Kernel KVM virtualization development
 help / color / mirror / Atom feed

From: "Michael S. Tsirkin" <mst@redhat.com>
To: "Garg, Shivank" <shivankg@amd.com>
Cc: linux-kernel@vger.kernel.org,
	Sean Christopherson <seanjc@google.com>,
	Paolo Bonzini <pbonzini@redhat.com>,
	David Hildenbrand <david@kernel.org>,
	Vlastimil Babka <vbabka@kernel.org>,
	kvm@vger.kernel.org
Subject: Re: [PATCH] KVM: guest_memfd: fix NUMA interleave index double-counting
Date: Sat, 6 Jun 2026 09:12:39 -0400	[thread overview]
Message-ID: <20260606091121-mutt-send-email-mst@kernel.org> (raw)
In-Reply-To: <b680f308-2dfa-47a2-9ff4-05669259a09c@amd.com>

On Sat, Jun 06, 2026 at 06:32:04PM +0530, Garg, Shivank wrote:
> 
> 
> On 6/5/2026 8:25 PM, Michael S. Tsirkin wrote:
> > On Fri, Jun 05, 2026 at 06:31:51PM +0530, Garg, Shivank wrote:
> >>
> >>
> >> On 6/5/2026 5:16 AM, Michael S. Tsirkin wrote:
> >>> [You don't often get email from mst@redhat.com. Learn why this is important at https://aka.ms/LearnAboutSenderIdentification ]
> >>>
> >>> On Thu, Jun 04, 2026 at 12:21:15AM +0530, Garg, Shivank wrote:
> >>>>
> >>>>
> >>>> On 6/3/2026 9:27 PM, Michael S. Tsirkin wrote:
> >>>>> kvm_gmem_get_policy() sets *ilx to the full page offset
> >>>>> (vm_pgoff + vma offset).  But get_vma_policy() adds the page
> >>>>> offset on top of *ilx, so the offset is counted twice.  This
> >>>>> causes NUMA interleaving to skip nodes: for order-0 pages the
> >>>>> effective index jumps by 2 for each consecutive page.
> >>>>>
> >>>>> The get_policy vm_op should return only a per-file bias in *ilx
> >>>>> (like shmem_get_policy does with inode->i_ino), letting
> >>>>> get_vma_policy() add the page-offset component.
> >>>>>
> >>>>> Fix by setting *ilx to inode->i_ino instead of the full page
> >>>>> offset.  The page offset is computed by get_vma_policy() in
> >>>>> mm/mempolicy.c. The full offset is still computed
> >>>>> in kvm_gmem_get_policy() for mpol_shared_policy_lookup().
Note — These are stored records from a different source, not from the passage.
text \<open>
  Write \<open>D\<^sub>1 = diag a\<close>, \<open>D\<^sub>2 = diag b\<close> and let \<open>p\<close> be the permutation of \<open>P\<close>. Row \<open>i\<close> of
  \<open>n D\<^sub>1 + m D\<^sub>2 P\<close> has the entry \<open>n a\<^sub>i\<close> in column \<open>i\<close> and \<open>m b\<^sub>i\<close> in column \<open>p i\<close>, so the rows
  belonging to a cycle \<open>C\<close> of \<open>p\<close> only meet the columns of \<open>C\<close>, and the determinant is the product
  over the cycles of the determinants of these blocks. In the Leibniz expansion of a block only the
  identity and the cycle itself survive, so the block has determinant
  \<open>n\<^bsup>|C|\<^esup> \<Prod>\<^sub>C a + \<plusminus>m\<^bsup>|C|\<^esup> \<Prod>\<^sub>C b\<close>. As \<open>n\<^bsup>|C|\<^esup>\<close> and \<open>m\<^bsup>|C|\<^esup>\<close> are coprime, Bezout gives \<open>x\<close>, \<open>y\<close>
  making this \<open>1\<close> when \<open>a\<close>, \<open>b\<close> are \<open>x\<close>, \<open>y\<close> at one point of \<open>C\<close> and \<open>1\<close> elsewhere; the Bezout
  relation itself forces \<open>x\<close> to be prime to \<open>m\<close> and \<open>y\<close> to \<open>n\<close>.
\<close>

definition rows_on :: "'k set \<Rightarrow> 'a::{zero,one}^'k^'k \<Rightarrow> 'a^'k^'k" where
  "rows_on S A = (\<chi> i j. if i \<in> S then A $ i $ j else if i = j then 1 else 0)"

definition diag_plus_perm :: "('k \<Rightarrow> 'a::monoid_add) \<Rightarrow> ('k \<Rightarrow> 'a) \<Rightarrow> ('k \<Rightarrow> 'k) \<Rightarrow> 'a^'k^'k" where
  "diag_plus_perm u v p = (\<chi> i j. (if i = j then u i else 0) + (if p i = j then v i else 0))"

lemma rows_on_UNIV [simp]: "rows_on UNIV A = A"
  by (simp add: rows_on_def vec_eq_iff)

lemma rows_on_empty [simp]: "rows_on {} A = mat 1"
  by (simp add: rows_on_def mat_def vec_eq_iff)

lemma rows_on_cong: "(\<And>i. i \<in> S \<Longrightarrow> A $ i = B $ i) \<Longrightarrow> rows_on S A = rows_on S B"
  by (simp add: rows_on_def vec_eq_iff)
lemma convex_in_imag_direction_harmonic_shear_phi:
  assumes h: "h holomorphic_on unit_disc" and g: "g holomorphic_on unit_disc"
    and hg: "\<forall>z\<in>unit_disc. h z + g z = shear_phi \<alpha> z" and \<alpha>: "\<bar>\<alpha>\<bar> \<le> 1"
  shows "convex_in_imag_direction ((\<lambda>z. h z + cnj (g z)) ` unit_disc)"
  unfolding convex_in_imag_direction_def
proof
  fix c :: real
  define F where "F = (\<lambda>z. h z + cnj (g z))"
  define I where "I = {\<theta>::real. \<bar>\<theta>\<bar> < pi / 2}"
  define \<gamma> where "\<gamma> = (\<lambda>\<theta>. strip_to_disc (level_arc \<alpha> c \<theta>))"
  have "Re (F z) = Re (shear_phi \<alpha> z)" if "z \<in> unit_disc" for z
    using hg that unfolding F_def by (metis cnj.sel(1) plus_complex.sel(1))
  then have "{w \<in> F ` unit_disc. Re w = c} = F ` {z \<in> unit_disc. Re (shear_phi \<alpha> z) = c}"
    by auto
  also have "\<dots> = (if pos_root_exists (1 - \<alpha>) (1 + \<alpha>) (4 * c - 2 * \<alpha>) then (F \<circ> \<gamma>) ` I else {})"
    unfolding level_set_shear_phi[OF \<alpha>] \<gamma>_def I_def by (simp add: image_comp)
  finally have slice: "{w \<in> F ` unit_disc. Re w = c}
      = (if pos_root_exists (1 - \<alpha>) (1 + \<alpha>) (4 * c - 2 * \<alpha>) then (F \<circ> \<gamma>) ` I else {})" .
  show "connected {w \<in> F ` unit_disc. Re w = c}"
  proof (cases "pos_root_exists (1 - \<alpha>) (1 + \<alpha>) (4 * c - 2 * \<alpha>)")
    case True
    have "\<gamma> ` I \<subseteq> unit_disc"
      unfolding \<gamma>_def I_def level_arc_def by (auto intro: strip_to_disc_in_unit_disc)
    then have "continuous_on (\<gamma> ` I) F"
      using continuous_on_harmonic[OF h g] continuous_on_subset unfolding F_def by blast
    with continuous_on_level_arc[OF \<alpha> True] have "continuous_on I (F \<circ> \<gamma>)"
      unfolding \<gamma>_def I_def by (rule continuous_on_compose)
    moreover have "I = {- (pi / 2)<..<pi / 2}" unfolding I_def by (auto simp: abs_less_iff)
    ultimately show ?thesis unfolding slice using True by (simp add: connected_continuous_image)
  qed (simp add: slice)
qed

lemma shear_phi_S_H:
  assumes decomp: "harmonic_decomp f h g"
    and sense: "\<forall>z\<in>unit_disc. deriv h z \<noteq> 0 \<and> norm (deriv g z / deriv h z) < 1"
    and hg: "\<forall>z\<in>unit_disc. h z + g z = shear_phi \<alpha> z" and \<alpha>: "\<bar>\<alpha>\<bar> \<le> 1"
    and norm: "f 0 = 0" "deriv h 0 = 1"
  shows "f \<in> S_H \<and> open (f ` unit_disc) \<and> connected (f ` unit_disc) \<and>
    convex_in_imag_direction (f ` unit_disc)"
proof -
  have hol: "h holomorphic_on unit_disc" "g holomorphic_on unit_disc"
    and f: "\<And>z. z \<in> unit_disc \<Longrightarrow> f z = h z + cnj (g z)"
    using decomp unfolding harmonic_decomp_def by auto
  have image: "f ` unit_disc = (\<lambda>z. h z + cnj (g z)) ` unit_disc" using f by auto
  have "inj_on f unit_disc = inj_on (\<lambda>z. h z + cnj (g z)) unit_disc"
    by (rule inj_on_cong) (simp add: f)
  then have "f \<in> S_H"
    unfolding S_H_def using inj_on_harmonic_shear_phi[OF hol sense hg \<alpha>] decomp sense norm by blast
  moreover have "open (f ` unit_disc)"
    unfolding image by (rule open_image_harmonic[OF hol open_unit_disc sense])
  moreover have "connected (f ` unit_disc)"
    unfolding image by (rule connected_continuous_image[OF continuous_on_harmonic[OF hol] connected_unit_disc])
  moreover have "convex_in_imag_direction (f ` unit_disc)"
    unfolding image by (rule convex_in_imag_direction_harmonic_shear_phi[OF hol hg \<alpha>])
  ultimately show ?thesis by blast
qed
> >>>>> shmem_get_policy() follows the same pattern.
> >>>>>
> >>>>> Found by Sashiko (sashiko.dev) AI code review.
> >>>>>
> >>>>> Fixes: ed1ffa810bd6 ("KVM: guest_memfd: Enforce NUMA mempolicy using shared policy")
> >>>>> Cc: Sean Christopherson <seanjc@google.com>
> >>>>> Cc: Paolo Bonzini <pbonzini@redhat.com>
> >>>>> Assisted-by: Claude:claude-opus-4-6
> >>>>> Signed-off-by: Michael S. Tsirkin <mst@redhat.com>
> >>>>> ---
> >>>>>  virt/kvm/guest_memfd.c | 7 ++++---
> >>>>>  1 file changed, 4 insertions(+), 3 deletions(-)
> >>>>>
> >>>>> diff --git a/virt/kvm/guest_memfd.c b/virt/kvm/guest_memfd.c
> >>>>> index 69c9d6d546b2..0bcf6fc08e2d 100644
> >>>>> --- a/virt/kvm/guest_memfd.c
> >>>>> +++ b/virt/kvm/guest_memfd.c
> >>>>> @@ -438,11 +438,12 @@ static int kvm_gmem_set_policy(struct vm_area_struct *vma, struct mempolicy *mpo
> >>>>>  }
> >>>>>
> >>>>>  static struct mempolicy *kvm_gmem_get_policy(struct vm_area_struct *vma,
> >>>>> -                                            unsigned long addr, pgoff_t *pgoff)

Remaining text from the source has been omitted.